Возьмем противоположность света и тьмы, воспринимаемую, например, при переходе из дневного освещения в темное пространство. Можно вполне согласиться с тем, что коррелятом к ней является чувство удовольствия, связанное с ощущением светлого, и противоположное ему чувство удовольствия, соединенное с ощущением темного. Но беспристрастный наблюдатель не может не согласиться и с тем, что действительная проти­воположность чувств, возникающих в данном случае, вовсе этим не исчер­пывается. Наоборот, мы сознаем, что при этом не принят во внимание ка­кой-то более существенный элемент. Именно, в темноте мы чувствуем не­которую подавленность, если только, конечно, способствует развитию чув­ства повышенная степень душевной возбудимости. Переход на дневной свет устраняет это подавленное состояние и в то же время действует возбу­ждающим образом. При некоторых чистых цветовых впечатлениях эмо­циональные действия этого рода выступают у нас еще отчетливее, еще сво­боднее от примеси удовольствия или неудовольствия. Если я буду смотреть в темном пространстве сперва на блистающий спектрально-чистый крас­ный цвет, а потом на такой же самый голубой цвет, то и тот и другой оха­рактеризую, конечно, как в высшей степени радостные впечатления, т. е. возбуждающие удовольствие. И несмотря на это, чувства, пробуждаемые во мне ими обоими, будут совершенно различны. Я могу сопоставить их толь­ко с чувствами светлого и темного, как они ни отличаются от последних по своим свойствам. Таким образом, получаются новые противоположные чувства, различным образом перекрещивающиеся с противоположностями удовольствия и неудовольствия. Но они могут, конечно, при случае появ­ляться и совершенно независимо от последних. Наиболее подходящими названиями для них могут служить выражения: возбуждение и успокоение; для высших же степеней последнего можно выбрать название подавлен­ность (депрессия). Эти же чувства, очевидно, обуславливают отчасти и про­тивоположный эмоциональный характер, свойственный высоким и низким тонам, резким и мягким тембрам. И раз мы обратили внимание на эти на­правления чувств как на самостоятельные компоненты эмоциональной жизни, то отыщем их, в качестве элементов, и в многочисленных аффек­тах, каковы, например, радость, гнев, возбужденность, печаль, ожидание, надежда, страх, забота и т. п.

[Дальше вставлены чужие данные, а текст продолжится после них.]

text \<open>Omega_{(A/J)/(R/K)} is the free A-module on symbols dc (c in A), encoded as finitely supported
  maps 'a =>0 'a (symbol c |-> coefficient), modulo the A-submodule generated by additivity, Leibniz,
  d(phi r) = 0 and J-multiples (J contains phi(K)).\<close>
inductive_set kahler_rel :: "('r::comm_ring_1 \<Rightarrow> 'a::comm_ring_1) \<Rightarrow> 'a set \<Rightarrow> ('a \<Rightarrow>\<^sub>0 'a) set"
  for \<phi> J where
  kr_zero: "0 \<in> kahler_rel \<phi> J"
| kr_add_rel: "Poly_Mapping.single (c + c') b - Poly_Mapping.single c b - Poly_Mapping.single c' b \<in> kahler_rel \<phi> J"
| kr_leibniz: "Poly_Mapping.single (c * c') b - Poly_Mapping.single c' (b * c) - Poly_Mapping.single c (b * c') \<in> kahler_rel \<phi> J"
| kr_const: "Poly_Mapping.single (\<phi> r) b \<in> kahler_rel \<phi> J"
| kr_ideal: "x \<in> J \<Longrightarrow> Poly_Mapping.single c x \<in> kahler_rel \<phi> J"
| kr_plus: "u \<in> kahler_rel \<phi> J \<Longrightarrow> v \<in> kahler_rel \<phi> J \<Longrightarrow> u + v \<in> kahler_rel \<phi> J"

definition kahler_basis :: "('r::comm_ring_1 \<Rightarrow> 'a::comm_ring_1) \<Rightarrow> 'a set \<Rightarrow> nat \<Rightarrow> (nat \<Rightarrow> 'a) \<Rightarrow> bool" where
  "kahler_basis \<phi> J d T \<longleftrightarrow>
     (\<forall>c. \<exists>b::nat \<Rightarrow> 'a. Poly_Mapping.single c 1 - (\<Sum>i<d. Poly_Mapping.single (T i) (b i)) \<in> kahler_rel \<phi> J) \<and>
     (\<forall>b::nat \<Rightarrow> 'a. (\<Sum>i<d. Poly_Mapping.single (T i) (b i)) \<in> kahler_rel \<phi> J \<longrightarrow> (\<forall>i<d. b i \<in> J))"

end

(*
  Put \<sigma> x = x + \<alpha> D x and F x = x ^ p + p \<delta> x; both are ring endomorphisms of A, and the
  defect E x = D (\<delta> x) - RHS x of delta-compatibility satisfies p \<alpha> E x = \<sigma> (F x) - F (\<sigma> x).
  Consequently, after multiplication by p \<alpha>, E is additive and satisfies
  E (x y) = E x U y + U x E y - p \<alpha> E x E y with U = \<sigma> \<circ> F. Both identities are integer
  polynomial identities in \<alpha>, \<beta> and the jets (x, D x, \<delta> x, \<delta> (D x), D (\<delta> x)) of x and y, so
  they can be checked in a polynomial ring over the integers, where p \<alpha> cancels, and then
  specialised. Thus E is a U-twisted derivation vanishing on R. Pairing it with Kaehler forms,
  E (A) \<subseteq> I^n A and E (T i) = 0 give E (A) \<subseteq> I^(n+1) A: the Leibniz relation costs the factor
  p \<alpha> \<in> I A, and U preserves I A. Separatedness then forces E = 0.
*)

theory Submission
  imports Defs
begin

lemma ring_hom_map_zero: "ring_hom_map h \<Longrightarrow> h 0 = 0"
  unfolding ring_hom_map_def by (metis add_cancel_right_right)

lemma ring_hom_map_one: "ring_hom_map h \<Longrightarrow> h 1 = 1"
  unfolding ring_hom_map_def by auto

lemma ring_hom_map_add: "ring_hom_map h \<Longrightarrow> h (a + b) = h a + h b"
  unfolding ring_hom_map_def by auto

lemma ring_hom_map_mult: "ring_hom_map h \<Longrightarrow> h (a * b) = h a * h b"
  unfolding ring_hom_map_def by auto

lemma ring_hom_map_uminus: "ring_hom_map h \<Longrightarrow> h (- a) = - h a"
  by (metis add_eq_0_iff2 ring_hom_map_zero ring_hom_map_add add.right_inverse)

lemma ring_hom_map_diff: "ring_hom_map h \<Longrightarrow> h (a - b) = h a - h b"
  by (metis diff_conv_add_uminus ring_hom_map_add ring_hom_map_uminus)

lemma ring_hom_map_power: "ring_hom_map h \<Longrightarrow> h (a ^ n) = h a ^ n"
  by (induction n) (simp_all add: ring_hom_map_one ring_hom_map_mult)

lemma ring_hom_map_of_nat: "ring_hom_map h \<Longrightarrow> h (of_nat n) = of_nat n"
  by (induction n) (simp_all add: ring_hom_map_zero ring_hom_map_one ring_hom_map_add)

lemma ring_hom_map_sum: "ring_hom_map h \<Longrightarrow> h (sum f A) = (\<Sum>i\<in>A. h (f i))"
  by (induction A rule: infinite_finite_induct) (simp_all add: ring_hom_map_zero ring_hom_map_add)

Но если мы освоились с мыслью, что чувства обыкновенно не представляют из себя простых состояний сознания, а появляются в нашей душевной жизни в виде соединений, притом иногда чрезвычайно сложных, то неизбежно пойдем и дальше. Окажется, что множество душевных про-

83

цессов, считающихся в обыденной жизни, а значит и при поверхностном наблюдении, процессами чисто интеллектуального характера, в действи­тельности всегда сопровождаются субъективными изменениями, и общий характер последних таков, что их должно причислить к эмоциональной стороне душевной жизни. Конечно, и эти чувства также или совсем нельзя подвести под схему удовольствия—неудовольствия, или можно подвести под нее только совершенно несущественными сопутствующими элемента­ми. Скорее они иногда подходят под схему возбуждения—успокоения. Но наряду с чувствами последнего рода или даже без них выступают здесь еще новые своеобразные элементы. Варьируя различные приспособленные к данной цели впечатления, можно убедиться, что в наиболее чистом виде эти новые элементы выражены в состояниях умеренно-напряженного внимания или ожидания.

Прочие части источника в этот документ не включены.